Mike Maxwell has posed some questions to me on sovereignty and international order on the Imperium Press Substack.
Ethnonationalists envision a world of sovereign homelands for all distinct peoples who aspire to autonomy. Thus we are opposed to multinational empires as well as global government schemes, all of which involve the denial of sovereignty to particular peoples or, in the case of global governance, to all peoples.
It is therefore fair to ask how an ethnonationalist world order would work. Would it be a world order or a world chaos?
Thomas Hobbes contrasted the state of nature, where there is no government, with civil society, in which there is government. In the state of nature, every man is sovereign, answering only to himself.

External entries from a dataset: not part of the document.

lemma Fhat_approx:
  fixes x :: "'i \<Rightarrow> real" and F :: "real \<Rightarrow> real"
  assumes Ls: "finite Ls" "Ls \<noteq> {}" and beta: "0 < beta" and phi: "phi \<ge> 2"
    and B: "log (real phi) (1 / beta) + 1 \<le> real B"
    and x: "\<And>n. n \<in> Ls \<Longrightarrow> 0 \<le> x n \<and> x n \<le> 1"
    and Lh: "0 \<le> Lh" "\<And>s t. 0 \<le> s \<Longrightarrow> s \<le> t \<Longrightarrow> t \<le> 1 \<Longrightarrow> F t - F s \<le> Lh * (t - s)"
    and dev: "\<And>z. 0 \<le> z \<Longrightarrow> z \<le> 1 \<Longrightarrow>
                \<bar>(\<Sum>n\<in>Ls. indicator {..z} (x n)) / real (card Ls) - F z\<bar> \<le> e"
    and z: "0 \<le> z" "z \<le> 1"
  shows "- e \<le> Fhat beta phi B Ls x (card Ls) z - F z
    \<and> Fhat beta phi B Ls x (card Ls) z - F z \<le> e + Lh * beta"
proof -
  let ?l = "\<lambda>n. final_l beta phi B (x n)" and ?u = "\<lambda>n. final_u beta phi B (x n)"
  define z' where "z' = min (z + beta) 1"
  have z': "z \<le> z'" "z' \<le> 1" "z' - z \<le> beta" using z beta by (auto simp: z'_def)
  have N: "0 < real (card Ls)" using Ls by (simp add: card_gt_0_iff)
  have br: "?l n \<le> x n" "x n \<le> ?u n" "?u n - ?l n \<le> beta" if "n \<in> Ls" for n
    using final_interval_brackets[of "x n" beta phi B] x[OF that] beta phi B by auto
  let ?hit = "\<lambda>n. if ?u n - ?l n \<le> beta \<and> ?l n \<le> z then 1 else 0 :: real"
  have "(\<Sum>n\<in>Ls. indicator {..z} (x n)) \<le> (\<Sum>n\<in>Ls. ?hit n)"
    using br by (intro sum_mono) (fastforce simp: indicator_def)
  moreover have "(\<Sum>n\<in>Ls. ?hit n) \<le> (\<Sum>n\<in>Ls. indicator {..z'} (x n))"
    using br x by (intro sum_mono) (fastforce simp: indicator_def z'_def)
  ultimately have
    "(\<Sum>n\<in>Ls. indicator {..z} (x n)) / real (card Ls) \<le> Fhat beta phi B Ls x (card Ls) z"
    "Fhat beta phi B Ls x (card Ls) z \<le> (\<Sum>n\<in>Ls. indicator {..z'} (x n)) / real (card Ls)"
    using N by (simp_all add: Fhat_def divide_right_mono)
  moreover have "F z' - F z \<le> Lh * beta"
    using Lh(2)[of z z'] mult_left_mono[OF z'(3) Lh(1)] z z' by linarith
  ultimately show ?thesis using dev[OF z] dev[of z'] z z' by (auto simp: abs_le_iff)
qed

lemma eta_ge_empirical_bound:
  assumes "0 < eps" "eps \<le> 16"
  shows "18/5 * sqrt (ln (16 / eps) / real N) \<le> eta N eps"
proof -
  have "18/5 \<le> sqrt (18::real)" by (rule real_le_rsqrt) (simp add: power2_eq_square)
  then have "18/5 * sqrt (ln (16 / eps) / real N) \<le> sqrt 18 * sqrt (ln (16 / eps) / real N)"
    using assms by (intro mult_right_mono) simp_all
  moreover have "sqrt (18 * ln (16 / eps) / real N) = sqrt 18 * sqrt (ln (16 / eps) / real N)"
    by (metis real_sqrt_mult times_divide_eq_right)
  ultimately show ?thesis unfolding eta_def by simp
qed

lemma P_L_le_P_true_le_P_U:
  fixes x :: "'i \<Rightarrow> real" and F :: "real \<Rightarrow> real"
  assumes Lc: "Lc > 0" "Lc \<le> Lh"
    and Lip: "\<And>s t. 0 \<le> s \<Longrightarrow> s \<le> t \<Longrightarrow> t \<le> 1 \<Longrightarrow>
                Lc * (t - s) \<le> F t - F s \<and> F t - F s \<le> Lh * (t - s)"
    and Ls: "finite Ls" "Ls \<noteq> {}" and beta: "0 < beta" and phi: "phi \<ge> 2"
    and B: "log (real phi) (1 / beta) + 1 \<le> real B" and delta: "0 < delta"
    and x: "\<And>n. n \<in> Ls \<Longrightarrow> 0 \<le> x n \<and> x n \<le> 1"
    and dev: "\<And>z. 0 \<le> z \<Longrightarrow> z \<le> 1 \<Longrightarrow>
                \<bar>(\<Sum>n\<in>Ls. indicator {..z} (x n)) / real (card Ls) - F z\<bar> \<le> e"
    and e: "e \<le> eta (card Ls) eps"
    and luy: "0 \<le> l" "u \<le> 1" "delta < u - l" "l \<le> y" "y \<le> u"
  shows "P_L beta phi B Ls x (card Ls) eps Lc Lh delta y l u \<le> P_true F y l u \<and>
         P_true F y l u \<le> P_U beta phi B Ls x (card Ls) eps Lc Lh delta y l u"
proof -
  have Lh: "0 \<le> Lh" using Lc by simp
  have Lh_up: "F t - F s \<le> Lh * (t - s)" if "0 \<le> s" "s \<le> t" "t \<le> 1" for s t
    using Lip[OF that] by simp
  have "\<bar>P_ratio (Fhat beta phi B Ls x (card Ls)) Lc y l u - P_true F y l u\<bar>
      \<le> (2 * e + Lh * beta) / (Lc * delta)"
  proof (rule P_ratio_approx[OF Lc(1) delta luy(3)])
    have "0 \<le> Lc * (y - l)" "0 \<le> Lc * (u - y)" using Lc luy by simp_all
    then show "Lc * (u - l) \<le> F u - F l" "F l \<le> F y" "F y \<le> F u"
      using Lip[of l u] Lip[of l y] Lip[of y u] luy delta by auto
    show "- e \<le> Fhat beta phi B Ls x (card Ls) z - F z
        \<and> Fhat beta phi B Ls x (card Ls) z - F z \<le> e + Lh * beta"
      if "z \<in> {l, y, u}" for z
      using Fhat_approx[OF Ls beta phi B x Lh Lh_up dev] that luy delta by auto
  qed (use Lh beta in simp)
  also have "\<dots> \<le> 2 * (eta (card Ls) eps + 2 * beta * Lh) / (Lc * delta)"
  proof -
    have "2 * e + Lh * beta \<le> 2 * (eta (card Ls) eps + 2 * beta * Lh)"
      using e mult_nonneg_nonneg[OF Lh, of beta] beta by (simp add: algebra_simps)
    then show ?thesis using Lc delta by (intro divide_right_mono) simp_all
  qed
  finally show ?thesis by (simp add: P_L_def P_U_def abs_le_iff)
qed

theorem theorem11:
  fixes M :: "real measure" and F :: "real \<Rightarrow> real" and Ls :: "'i set"
    and beta eps delta Lc Lh :: real and phi B :: nat
  assumes M: "real_distribution M"
    and F: "F = cdf M"
    and supp: "measure M {0<..<1} = 1"
    and Lc: "Lc > 0" and Lh: "Lh \<ge> Lc"
    and Lip: "\<And>x y. 0 \<le> x \<Longrightarrow> x \<le> y \<Longrightarrow> y \<le> 1 \<Longrightarrow>
                 Lc * (y - x) \<le> F y - F x \<and> F y - F x \<le> Lh * (y - x)"
    and Ls: "finite Ls" "Ls \<noteq> {}"
    and beta: "0 < beta" "beta < 1"
    and phi: "phi \<ge> 2"
    and B: "log (real phi) (1 / beta) + 1 \<le> real B"
    and delta: "0 < delta" "delta < 1"
    and eps: "0 < eps" "eps < 1"
  shows "\<exists>A \<in> sets (PiM Ls (\<lambda>_. M)).
           A \<subseteq> {theta \<in> space (PiM Ls (\<lambda>_. M)).
                  \<forall>l u y. 0 \<le> l \<longrightarrow> u \<le> 1 \<longrightarrow> u - l > delta \<longrightarrow> l \<le> y \<longrightarrow> y \<le> u \<longrightarrow>
                    P_L beta phi B Ls theta (card Ls) eps Lc Lh delta y l u \<le> P_true F y l u \<and>
                    P_true F y l u \<le> P_U beta phi B Ls theta (card Ls) eps Lc Lh delta y l u}
         \<and> measure (PiM Ls (\<lambda>_. M)) A \<ge> 1 - eps"
proof -
  let ?P = "PiM Ls (\<lambda>_. M)" and ?e = "18/5 * sqrt (ln (16 / eps) / real (card Ls))"
  interpret real_distribution M by (rule M)
  note F_props = strict_mono_continuous_of_Lipschitz_bounds[OF Lc Lh Lip]
  have F01: "F 0 = 0" "F 1 = 1" using cdf_eq_0_1_of_unit_support[OF M supp] F by simp_all
  obtain A where A: "A \<in> sets ?P" "1 - eps \<le> measure ?P A"
    and A_dev: "A \<subseteq> {x \<in> space ?P. \<forall>z \<in> {0..1}.
                 \<bar>(\<Sum>n\<in>Ls. indicator {..z} (x n)) / real (card Ls) - F z\<bar> \<le> ?e}"
    using empirical_cdf_uniform_deviation[OF M F F01 F_props Ls eps] by blast
  have dev: "\<bar>(\<Sum>n\<in>Ls. indicator {..z} (x n)) / real (card Ls) - F z\<bar> \<le> ?e"
    if "x \<in> A" "0 \<le> z" "z \<le> 1" for x z
    using subsetD[OF A_dev that(1)] that(2,3) by simp
  have "AE x in ?P. \<forall>n\<in>Ls. x n \<in> {0<..<1}"
    by (rule AE_PiM_components_in[OF prob_space_axioms Ls(1) _ supp]) (simp add: events_eq_borel)
  then obtain A' where A': "A' \<in> sets ?P" "A' \<subseteq> A" "\<And>x. x \<in> A' \<Longrightarrow> \<forall>n\<in>Ls. x n \<in> {0<..<1}"
    and "measure ?P A' = measure ?P A"
    using AE_restrict_event[OF A(1)] by blast
  have e: "?e \<le> eta (card Ls) eps" using eta_ge_empirical_bound eps by simp
  show ?thesis
  proof (intro bexI[of _ A'] conjI subsetI)
    fix x assume x: "x \<in> A'"
    have x01: "0 \<le> x n \<and> x n \<le> 1" if "n \<in> Ls" for n using A'(3)[OF x] that by auto
    have xA: "x \<in> A" using A'(2) x by blast
    have "x \<in> space ?P" using sets.sets_into_space[OF A'(1)] x by blast
    then show "x \<in> {theta \<in> space ?P.
                  \<forall>l u y. 0 \<le> l \<longrightarrow> u \<le> 1 \<longrightarrow> u - l > delta \<longrightarrow> l \<le> y \<longrightarrow> y \<le> u \<longrightarrow>
                    P_L beta phi B Ls theta (card Ls) eps Lc Lh delta y l u \<le> P_true F y l u \<and>
                    P_true F y l u \<le> P_U beta phi B Ls theta (card Ls) eps Lc Lh delta y l u}"
      using P_L_le_P_true_le_P_U[OF Lc Lh Lip Ls beta(1) phi B delta(1) x01 dev[OF xA] e] by blast
  qed (use A'(1) A(2) \<open>measure ?P A' = measure ?P A\<close> in simp_all)
qed

end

But, Hobbes argued, life in the state of nature is a state of war of all against all, in which life is inevitably “solitary, poor, nasty, brutish, and short.” Individuals in a state of nature would thus be driven by rational self-interest to set up a common ruler to create peace.
Hobbes’ state of nature is not a description of how states actually form. Instead, it is a thought experiment showing that, in the absence of a state, rational self-interest would drive men to create one as soon as possible.

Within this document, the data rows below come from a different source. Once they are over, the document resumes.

lemma finite_cl': "finite (cl' \<phi>)"
proof -
  define T where "T = subformulas \<phi> \<union> subformulas (Until TT (Next FF))"
  have T_closed: "a \<in> T" if "b \<in> T" "a \<in> subformulas b" for a b
    using that subformulas_trans unfolding T_def by blast
  have T_base: "\<phi> \<in> T" "Until TT (Next FF) \<in> T"
    unfolding T_def using subformulas_refl by blast+
  have T_components: "Neg a \<in> T \<Longrightarrow> a \<in> T" "And a b \<in> T \<Longrightarrow> a \<in> T \<and> b \<in> T"
    "Next a \<in> T \<Longrightarrow> a \<in> T" "Until a b \<in> T \<Longrightarrow> a \<in> T \<and> b \<in> T" for a b
    using T_closed subformulas_refl by fastforce+
  have "cl' \<phi> \<subseteq> T \<union> Neg ` T \<union> Next ` T \<union> Next ` Neg ` T \<union> Neg ` Next ` Neg ` T" (is "_ \<subseteq> ?B")
  proof
    fix x assume "x \<in> cl' \<phi>"
    then show "x \<in> ?B"
      by induction (auto simp: WNext_def T_base dest: T_components T_components(1)[OF T_components(3)])
  qed
  then show ?thesis
    by (rule finite_subset) (simp add: T_def finite_subformulas)
qed

lemma finite_cl: "finite (cl \<phi>)"
  unfolding cl_def using finite_cl' by blast

section \<open>Atoms\<close>

lemma atom_finite: "atom E \<phi> V \<Longrightarrow> finite V"
  unfolding atom_def consistent_set_def by blast

lemma atom_consistent: "atom E \<phi> V \<Longrightarrow> \<not> prov E (Neg (conj_set V))"
  unfolding atom_def consistent_set_def consistent_def by blast

lemma atom_subset_cl: "atom E \<phi> V \<Longrightarrow> V \<subseteq> cl \<phi>"
  unfolding atom_def by blast

lemma finite_atoms: "finite {V. atom E \<phi> V}"
  using finite_cl by (rule finite_subset[rotated, OF finite_Pow_iff[THEN iffD2]]) (auto dest: atom_subset_cl)

lemma cl'_subset_cl: "x \<in> cl' \<phi> \<Longrightarrow> x \<in> cl \<phi>"
  unfolding cl_def by blast

lemma Neg_cl'_subset_cl: "x \<in> cl' \<phi> \<Longrightarrow> Neg x \<in> cl \<phi>"
  unfolding cl_def by blast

Hobbes did, however, point out that the different states of the world are in a state of nature in relation to each other, since there is no common power above them to enforce rules and secure peace.

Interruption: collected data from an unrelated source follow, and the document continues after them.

lemma nine_in_elem_orders: "9 \<in> elem_orders semidirect_product"
proof -
  interpret group semidirect_product by (rule group_semidirect_product)
  define U :: "gf3_closure mat2" where "U = Mat2 1 1 0 1"
  define x where "x = (Mat2 0 0 0 (1 :: gf3_closure), act 1 U)"
  have "act 1 U \<in> act_group" using unipotent_in_SL2_Fq by (auto simp: U_def act_group_def)
  moreover have "Mat2 0 0 0 1 \<in> mat_Fq" by (simp add: mat_Fq_def Fq_closed)
  ultimately have x: "x \<in> carrier semidirect_product" by (simp add: x_def)
  have "U ^ 3 = 1" by (simp add: U_def unipotent_mat2_power mat2_eq_iff)
  hence "act 1 U ^^ 3 = id" by (simp add: act_funpow act_one_one)
  hence "x [^]\<^bsub>semidirect_product\<^esub> (3 * 3 :: nat) = \<one>\<^bsub>semidirect_product\<^esub>"
    using semidirect_product_pow_mult_3_eq_one[OF mat2_triple_eq_0 x, of 3] by (simp add: x_def)
  moreover have "orbit_sum (act 1 U) (Mat2 0 0 0 1) 3 \<noteq> 0"
    by (simp add: orbit_sum_def numeral_3_eq_3 act_def U_def mat2_eq_iff mat2.map_sel) presburger
  hence "x [^]\<^bsub>semidirect_product\<^esub> (3 :: nat) \<noteq> \<one>\<^bsub>semidirect_product\<^esub>"
    by (simp add: x_def semidirect_product_pow)
  ultimately have "ord x = 9" using ord_eq_prime_power[OF x, of 3 1] by simp
  thus ?thesis using x unfolding elem_orders_def by (metis image_eqI)
qed

lemma exists_element_of_order_q_squared_minus_1:
  obtains w :: gf3_closure where "\<And>k. w ^ k = 1 \<longleftrightarrow> (q * q - 1) dvd k"
proof -
  have "CHAR(gf3_closure) ^ (2 * \<alpha>) = q * q" by (simp add: mult_2 power_add)
  thus ?thesis using exists_primitive_Frobenius_fixed_point[where ?'a = gf3_closure, of "2 * \<alpha>"]
      exponent_ge_3 that by auto
qed

lemma exists_generator_of_Fq_units:
  obtains g where "g \<in> Fq" and "\<And>k. g ^ k = 1 \<longleftrightarrow> (q - 1) dvd k"
proof -
  obtain w :: gf3_closure where w: "\<And>k. w ^ k = 1 \<longleftrightarrow> (q * q - 1) dvd k"
    using exists_element_of_order_q_squared_minus_1 by blast
  define g where "g = w ^ (q + 1)"
  have g_pow: "g ^ k = 1 \<longleftrightarrow> (q - 1) dvd k" for k
  proof -
    have "g ^ k = 1 \<longleftrightarrow> (q + 1) * (q - 1) dvd (q + 1) * k"
      unfolding g_def power_mult[symmetric] w q_squared_minus_1 by (simp only: mult.commute)
    thus ?thesis by (simp only: nat_mult_dvd_cancel_disj) simp
  qed
  have "g ^ q = g ^ (q - 1) * g" using power_minus_mult[of q g] by simp
  also have "\<dots> = g" using g_pow[of "q - 1"] by simp
  finally have "g \<in> Fq" by (simp add: Fq_def)
  thus ?thesis using g_pow that by blast
qed

lemma exists_element_of_order_q_plus_1:
  obtains l :: gf3_closure where "\<And>k. l ^ k = 1 \<longleftrightarrow> (q + 1) dvd k"
proof -
  obtain w :: gf3_closure where w: "\<And>k. w ^ k = 1 \<longleftrightarrow> (q * q - 1) dvd k"
    using exists_element_of_order_q_squared_minus_1 by blast
  have "(w ^ (q - 1)) ^ k = 1 \<longleftrightarrow> (q + 1) dvd k" for k
  proof -
    have "(w ^ (q - 1)) ^ k = 1 \<longleftrightarrow> (q - 1) * (q + 1) dvd (q - 1) * k"
      unfolding power_mult[symmetric] w q_squared_minus_1 ..
    thus ?thesis using q_ge_27 by (simp only: nat_mult_dvd_cancel_disj) simp
  qed
  thus ?thesis by (rule that)
qed

lemma q_minus_1_in_elem_orders: "q - 1 \<in> elem_orders semidirect_product"
proof -
  obtain g where "g \<in> Fq" and g_pow: "\<And>k. g ^ k = 1 \<longleftrightarrow> (q - 1) dvd k"
    using exists_generator_of_Fq_units by blast
  have "g \<noteq> 0" using g_pow[of "q - 1"] q_ge_27 by (auto simp: zero_power)
  define D where "D = Mat2 g 0 0 (inverse g)"
  have D: "D \<in> SL2_Fq"
    using \<open>g \<in> Fq\<close> \<open>g \<noteq> 0\<close> by (simp add: D_def SL2_Fq_def mat_Fq_def det_mat2_def Fq_closed)
  show ?thesis
  proof (rule elem_orders_semidirect_product)
    show "act (- 1) D \<in> act_group" using D by (auto simp: act_group_def)
    fix n
    show "act (- 1) D ^^ n = id \<longleftrightarrow> (q - 1) dvd n"
    proof
      assume "act (- 1) D ^^ n = id"
      hence "(- 1) ^ n = (1 :: gf3_closure) \<and> (D ^ n = 1 \<or> D ^ n = - 1)"
        using D by (intro act_eq_idD)
          (simp_all add: act_funpow det_mat2_power SL2_Fq_def flip: power_mult_distrib)
      hence "even n" and "g ^ n = 1 \<or> g ^ n = - 1"
        by (auto simp: D_def diagonal_mat2_power mat2_eq_iff minus_one_power_eq_one_iff)
      moreover from this(2) have "g ^ (2 * n) = 1" by (auto simp: power_mult mult.commute[of 2])
      ultimately show "(q - 1) dvd n" using g_pow q_minus_1_dvd_if_dvd_double by blast
    next
      assume "(q - 1) dvd n"
      hence "even n" using even_q_minus_1 dvd_trans by blast
      moreover have "D ^ n = 1"
        using g_pow \<open>(q - 1) dvd n\<close> by (simp add: D_def diagonal_mat2_power mat2_eq_iff power_inverse)
      ultimately show "act (- 1) D ^^ n = id" by (simp add: act_funpow act_one_one)
    qed
  qed
qed

lemma half_q_plus_1_in_elem_orders: "(q + 1) div 2 \<in> elem_orders semidirect_product"
proof -
  obtain l :: gf3_closure where l_pow: "\<And>k. l ^ k = 1 \<longleftrightarrow> (q + 1) dvd k"
    using exists_element_of_order_q_plus_1 by blast
  have "l \<noteq> 0" using l_pow[of "q + 1"] by auto
  have "l ^ q * l = 1" using l_pow[of "q + 1"] by (simp add: mult.commute)
  hence "l ^ q = inverse l" using \<open>l \<noteq> 0\<close> by (simp add: field_simps)
  hence "l + inverse l \<in> Fq" by (simp add: Fq_def power_q_add power_inverse add.commute)
  define C where "C = Mat2 0 (- 1) 1 (l + inverse l)"
  have C: "C \<in> SL2_Fq"
    using \<open>l + inverse l \<in> Fq\<close> by (simp add: C_def SL2_Fq_def mat_Fq_def det_mat2_def Fq_closed)
  hence det: "det_mat2 C = 1" by (simp add: SL2_Fq_def)
  have root: "l * l - trace_mat2 C * l + 1 = 0"
    using \<open>l \<noteq> 0\<close> by (simp add: C_def trace_mat2_def algebra_simps)
  have "l * l \<noteq> 1"
  proof
    assume "l * l = 1"
    hence "(q + 1) dvd 2" using l_pow[of 2] by (simp add: power2_eq_square)
    thus False using q_ge_27 by (auto dest: dvd_imp_le)
  qed
  show ?thesis
  proof (rule elem_orders_semidirect_product)
    show "act 1 C \<in> act_group" using C by (auto simp: act_group_def)
    fix n
    have "act 1 C ^^ n = id \<longleftrightarrow> l ^ n * l ^ n = 1"
      using act_funpow_eq_id_iff_eigenvalue_pm_one[OF det root \<open>l * l \<noteq> 1\<close>]
      by (simp add: square_eq_1_iff)
    also have "\<dots> \<longleftrightarrow> (q + 1) dvd 2 * n" using l_pow[of "2 * n"] by (simp add: mult_2 power_add)
    also have "q + 1 = 2 * ((q + 1) div 2)" by simp
    finally show "act 1 C ^^ n = id \<longleftrightarrow> (q + 1) div 2 dvd n"
      by (simp only: nat_mult_dvd_cancel_disj) simp
  qed
qed

lemma target_orders_antichain:
  assumes "d \<in> {6, 9, q - 1, (q + 1) div 2}" and "d' \<in> {6, 9, q - 1, (q + 1) div 2}"
    and "d dvd d'"
  shows "d = d'"
proof -
  define h where "h = (q + 1) div 2"
  have q_h: "q + 1 = 2 * h" using q_eq_4k_plus_3 by (simp add: h_def)
  have "3 dvd q" using exponent_ge_3 by (simp add: dvd_power)
  hence not_3_dvd: "\<not> 3 dvd q - 1" "\<not> 3 dvd h"
    using q_ge_27 q_h by presburger+
  have "\<not> h dvd q - 1"
  proof
    assume "h dvd q - 1"
    moreover have "q - 1 + 2 = 2 * h" using q_h q_ge_27 by simp
    ultimately have "h dvd 2" by (metis dvd_add_right_iff dvd_triv_right)
    thus False using q_h q_ge_27 by (auto dest: dvd_imp_le)
  qed
  moreover have "\<not> (q - 1) dvd h" using q_h q_ge_27 by (auto dest: dvd_imp_le)
  moreover have "\<not> h dvd 6" "\<not> h dvd 9" "\<not> (q - 1) dvd 6" "\<not> (q - 1) dvd 9"
    using q_h q_ge_27 by (auto dest: dvd_imp_le)
  moreover have "\<not> 6 dvd q - 1" "\<not> 9 dvd q - 1" "\<not> 6 dvd h" "\<not> 9 dvd h"
    using not_3_dvd dvd_trans[of 3 6] dvd_trans[of 3 9] by auto
  ultimately show ?thesis using assms unfolding h_def[symmetric] by auto
qed

lemma max_orders_semidirect_product:
  "max_orders semidirect_product = {6, 9, q - 1, (q + 1) div 2}"
proof (rule max_orders_eqI)
  show "\<exists>d \<in> {6, 9, q - 1, (q + 1) div 2}. n dvd d"
    if n_mem: "n \<in> elem_orders semidirect_product" for n
  proof -
    interpret group semidirect_product by (rule group_semidirect_product)
    obtain x where n: "n = ord x" and x: "x \<in> carrier semidirect_product"
      using n_mem unfolding elem_orders_def by (rule imageE)
    obtain d where d: "d \<in> {6, 9, q - 1, (q + 1) div 2}"
      and "x [^]\<^bsub>semidirect_product\<^esub> d = \<one>\<^bsub>semidirect_product\<^esub>"
      using semidirect_product_pow_target_eq_one[OF x] by (rule bexE)
    hence "n dvd d" using pow_eq_id[OF x] n by simp
    with d show ?thesis by (rule bexI[rotated])
  qed
  show "{6, 9, q - 1, (q + 1) div 2} \<subseteq> elem_orders semidirect_product"
    using six_in_elem_orders nine_in_elem_orders q_minus_1_in_elem_orders
      half_q_plus_1_in_elem_orders by simp
  show "d = d'" if "d \<in> {6, 9, q - 1, (q + 1) div 2}" "d' \<in> {6, 9, q - 1, (q + 1) div 2}" "d dvd d'" for d d'
    using that by (rule target_orders_antichain)
qed

end

theorem lemma3p2:
  fixes \<alpha> q :: nat
  assumes "odd \<alpha>" and "\<alpha> \<ge> 3" and "q = 3 ^ \<alpha>"
  shows "\<exists>H :: nat monoid. group H \<and> finite (carrier H) \<and>
           O_p 3 H \<noteq> {\<one>\<^bsub>H\<^esub>} \<and>
           max_orders H = {6, 9, q - 1, (q + 1) div 2}"
proof -
  interpret odd_power_of_3 \<alpha> using assms(1,2) by unfold_locales
  obtain H :: "nat monoid" and h where H: "group H" "finite (carrier H)"
    and h: "h \<in> iso semidirect_product H"
    using finite_group_iso_nat_monoid[OF group_semidirect_product finite_semidirect_product] by blast
  have "card translation_subgroup = 3 ^ (4 * \<alpha>)"
    by (simp add: card_translation_subgroup card_mat_Fq)
  hence "O_p 3 H \<noteq> {\<one>\<^bsub>H\<^esub>}"
    using iso_O_p_nontrivial[OF group_semidirect_product H(1) h translation_subgroup_normal _
        translation_subgroup_nontrivial] by blast
  moreover have "max_orders H = {6, 9, q - 1, (q + 1) div 2}"
    using iso_max_orders[OF group_semidirect_product H(1) h] max_orders_semidirect_product assms(3)
    by simp
  ultimately show ?thesis using H by blast
qed

end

Since ethnonationalists envision a world of 200-odd sovereign homelands, we need to explain why we do not follow Hobbes’ reasoning to its logical conclusion: global government.
Is the life of nations in the state of nature as Hobbes described it, namely a perpetual war of all against all? Are the lives of nations in the state of nature solitary, poor, nasty, brutish, and short? Shouldn’t nations prefer to surrender their sovereignty to a global government to ensure peace and prosperity? Isn’t global government preferable to global anarchy?
War is one of mankind’s greatest scourges. But in the state of nature, nations are not in a constant state of war of all against all. There are always wars somewhere, but even so, we observe peace almost everywhere else — peace without global government.
We also note that the lives of nations are seldom solitary. Every nation has some allies and trading partners.
Many nations in the state of nature are quite prosperous.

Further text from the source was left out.